1. Give your children their spelling tests.

2. Do flash card drills to hone your children's memorization of math facts.

3. Read your little children a story.

4. Read your bigger children the "Chronicles of Narnia" by C.S. Lewis.

5. Do the dishes with your children, while regaling them with stories of your deprived childhood in which you had to do this task without the aid of a dishwasher.

6. Do the grocery shopping.

7. Take your kids to a museum or historical site.

8. Go for a hike with your children & talk about their dreams.

9. Read your children a chapter of the Bible every evening.

10. Make sure your children read the newspaper everyday by the time they are 11 or 12.

11. Discuss current events at the dinner table.

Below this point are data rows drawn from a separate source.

theorem proposition7p4:
  fixes g :: "nat \<Rightarrow> real" and a0 :: "'n::finite \<Rightarrow> real"
  assumes n2: "CARD('n) \<ge> 2"
    and g0: "g 0 = 0"
    and gpos: "\<And>k. k > 0 \<Longrightarrow> g k > 0"
    and apos: "\<And>i. a0 i > 0"
    and rho_int: "(\<Sum>i\<in>UNIV. a0 i) \<in> interior (rho_dom g)"
  shows "(FC g a0 \<longleftrightarrow>
            (\<forall>i j. i \<noteq> j \<longrightarrow> Gamma g a0 i j = 0 \<and>
                 gtilde g a0 i * Gamma g a0 j j = gtilde g a0 j * Gamma g a0 i i))
       \<and> (FC g a0 \<longleftrightarrow>
            (fug g has_real_derivative fug g (\<Sum>i\<in>UNIV. a0 i) / (\<Sum>i\<in>UNIV. a0 i))
              (at (\<Sum>i\<in>UNIV. a0 i)))
       \<and> ((fug g has_real_derivative fug g (\<Sum>i\<in>UNIV. a0 i) / (\<Sum>i\<in>UNIV. a0 i))
              (at (\<Sum>i\<in>UNIV. a0 i))
            \<longleftrightarrow> sigma2 g (\<Sum>i\<in>UNIV. a0 i) = (\<Sum>i\<in>UNIV. a0 i))"
proof -
  interpret zero_range_rate g
    using g0 gpos by unfold_locales
  have "(\<Sum>i\<in>UNIV. a0 i) > 0"
    using apos by (intro sum_pos) auto
  then show ?thesis
    using FC_iff_fug_derivative[OF apos rho_int n2] Gamma_conditions_iff_sigma2[OF apos rho_int n2]
      fug_derivative_iff_sigma2[OF rho_int] by blast
qed

end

Calmly .

12. Be honest when you take them to a restaurant or movie that charges a different rate for children under 12.

13. Read their essays & offer praise and constructive suggestions.

14. Watch the children while your wife goes on a walk.

15. Take the kids shopping & explain the process to them.

16. Take your kids to a minor-league baseball game.

17. Turn off the television.

18. Pray with your children & for them regularly.

19. Be a man & avoid exposing yourself to any pornography on television, on the Internet or in magazines.

20. Talk to your children before you impose discipline when they have done wrong.

21. Hug them afterwards.

22. Play silly games that involve lots of hugging & wrestling on the family-room rug.

23. Take your children to your childhood neighborhood & give them a tour of your memories.

24. Hug them before & after work.

25. Never, ever, ever swear at your children.

26. Apologize to them when you wrong them.

31. Express genuine delight when they draw a picture for you. Put the pictures in a place that shows the children you are proud of them.

27. Plant a garden together.

28. Teach them--nicely--to strive for excellence in their work.

29. Watch your boys play baseball & your daughters perform ballet with equal enthusiasm.  Better yet, coach them if you can!

30. Ask them what they want to be when they grow up.

31. Give them a vision worth living for &  worth dying for,

32. Love their mother intensely.

 

Post A Comment!


Comments

Mar. 16, 2007 - Untitled Comment

No way! You're in vancouver? I'm in Longview...just up the freeway.

This was a great post. Sometimes it helps to look at things from the other side.